[[ Exercise inputs, beginning ]]

lemma prime_dvd_sum_antisymmetric:
  fixes g :: "nat \<Rightarrow> int"
  assumes p: "prime p" "2 < p" and anti: "\<And>k. k \<le> N \<Longrightarrow> [g (N - k) = - g k] (mod int p)"
  shows "int p dvd (\<Sum>k=0..N. g k)"
proof -
  have "(\<Sum>k=0..N. g k) = (\<Sum>k=0..N. g (N - k))"
    by (subst sum.atLeastAtMost_rev) simp
  also have "[\<dots> = (\<Sum>k=0..N. - g k)] (mod int p)"
    using anti by (intro cong_sum) auto
  also have "(\<Sum>k=0..N. - g k) = - (\<Sum>k=0..N. g k)"
    by (rule sum_negf)
  finally have "int p dvd (\<Sum>k=0..N. g k) - - (\<Sum>k=0..N. g k)"
    by (simp only: cong_iff_dvd_diff)
  then have "int p dvd 2 * (\<Sum>k=0..N. g k)"
    by (simp only: diff_minus_eq_add mult_2)
  then show ?thesis using p prime_dvd_double_imp_dvd by blast
qed

lemma prime_dvd_add_diff_imp_dvd:
  assumes p: "prime p" "2 < p" and add: "int p dvd x + y" and diff: "int p dvd x - y"
  shows "int p dvd x" "int p dvd y"
proof -
  have "(x + y) + (x - y) = 2 * x" "(x + y) - (x - y) = 2 * y" by simp_all
  then have "int p dvd 2 * x" "int p dvd 2 * y"
    using dvd_add[OF add diff] dvd_diff[OF add diff] by simp_all
  then show "int p dvd x" "int p dvd y"
    using prime_dvd_double_imp_dvd[OF p] by blast+
qed

lemma p_multiple_sum_harm_ord_2:
  assumes p: "prime p" "3 \<le> p" and less: "\<And>k. k \<in> A \<Longrightarrow> \<phi> k < p"
    and dvd: "int p dvd (\<Sum>k\<in>A. c k * harm2_int p (\<phi> k))"
  shows "p_multiple p (\<Sum>k\<in>A. of_int (c k) * harm_ord 2 (\<phi> k))"
proof -
  have "(\<Sum>k\<in>A. of_int (c k) * harm_ord 2 (\<phi> k)) = of_int (\<Sum>k\<in>A. c k * harm2_int p (\<phi> k))
      + (\<Sum>k\<in>A. of_int (c k) * (harm_ord 2 (\<phi> k) - of_int (harm2_int p (\<phi> k))))"
    by (simp add: algebra_simps sum_subtractf)
  also have "p_multiple p \<dots>"
    using p less dvd
    by (intro p_multiple_add p_multiple_of_int p_multiple_sum p_multiple_mult_of_int
        p_multiple_harm_ord_2_diff) auto
  finally show ?thesis .
qed

lemma pochhammer_ratio_eq_binomial:
  "pochhammer (of_nat (Suc m)) k / pochhammer 1 k = (of_nat ((k + m) choose m) :: 'a :: field_char_0)"
proof -
  have "(of_nat ((k + m) choose m) :: 'a) = of_nat ((k + m) choose k)"
    by (simp add: binomial_symmetric[of m "k + m"])
  also have "\<dots> = of_nat (k + m) gchoose k" by (rule binomial_gbinomial)
  also have "\<dots> = pochhammer (of_nat (Suc m)) k / fact k"
    by (simp add: gbinomial_pochhammer' add.commute)
  finally show ?thesis by (simp add: pochhammer_fact)
qed

locale binomial_power_sums =
  fixes p m n :: nat
  assumes prime: "prime p" and n_ge_3: "3 \<le> n" and n_less: "n < p"
    and mn_less: "m * n + 1 < p" and even_mn: "even (m * n)"
begin

lemma p_ge_5: "5 \<le> p"
proof -
  have "p \<noteq> 4" using prime prime_odd_nat[of 4] by auto
  then show ?thesis using n_ge_3 n_less by simp
qed

lemma m_less: "m < p"
proof -
  have "m \<le> m * n" using n_ge_3 by simp
  then show ?thesis using mn_less by linarith
qed

lemma rising_prod_power: "rising_prod m k ^ n = (\<Prod>l=1..m. (int k + int l) ^ n)"
  unfolding rising_prod_def by (simp add: prod_power_distrib)

lemma dvd_sum_rising_prod_power: "int p dvd (\<Sum>k=0..p-1-m. rising_prod m k ^ n)"
  unfolding rising_prod_power
  using prime_dvd_sum_prod_shifted_powers[OF prime m_less, of "\<lambda>_. n"] mn_less n_ge_3 by simp

lemma rising_prod_power_reflect:
  assumes k: "k \<le> p - 1 - m"
  shows "[rising_prod m (p - 1 - m - k) ^ n = rising_prod m k ^ n] (mod int p)"
proof -
  have "[rising_prod m (p - 1 - m - k) ^ n = ((-1) ^ m * rising_prod m k) ^ n] (mod int p)"
    using rising_prod_reflect[OF m_less k] by (rule cong_pow)
  moreover have "((-1 :: int) ^ m) ^ n = 1"
    using even_mn by (simp flip: power_mult)
  ultimately show ?thesis by (simp add: power_mult_distrib)
qed

lemma dvd_sum_rising_prod_power_harm_add:
  "int p dvd (\<Sum>k=0..p-1-m. rising_prod m k ^ n * (harm2_int p (k + m) + harm2_int p k))"
proof (rule prime_dvd_sum_antisymmetric)
  show "prime p" "2 < p" using prime p_ge_5 by simp_all
next
  fix k assume k: "k \<le> p - 1 - m"
  have "p - 1 - m - k + m = p - 1 - k" "p - 1 - m - k = p - 1 - (k + m)"
    using k m_less by simp_all
  then have "[harm2_int p (p - 1 - m - k + m) = - harm2_int p k] (mod int p)"
    "[harm2_int p (p - 1 - m - k) = - harm2_int p (k + m)] (mod int p)"
    using harm2_int_reflect[OF prime p_ge_5] k by simp_all
  then have "[rising_prod m (p - 1 - m - k) ^ n *
        (harm2_int p (p - 1 - m - k + m) + harm2_int p (p - 1 - m - k)) =
      rising_prod m k ^ n * (- harm2_int p k + - harm2_int p (k + m))] (mod int p)"
    by (intro cong_mult rising_prod_power_reflect k cong_add)
  moreover have "rising_prod m k ^ n * (- harm2_int p k + - harm2_int p (k + m)) =
      - (rising_prod m k ^ n * (harm2_int p (k + m) + harm2_int p k))"
    by (simp add: algebra_simps)
  ultimately show "[rising_prod m (p - 1 - m - k) ^ n *
        (harm2_int p (p - 1 - m - k + m) + harm2_int p (p - 1 - m - k)) =
      - (rising_prod m k ^ n * (harm2_int p (k + m) + harm2_int p k))] (mod int p)"
    by (simp only:)
qed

[[ Exercise inputs, end ]]

=== Exercise ===
Could you state how many lines in the data hold the word "shows"? Only the number should be given.

=== Task answer ===
4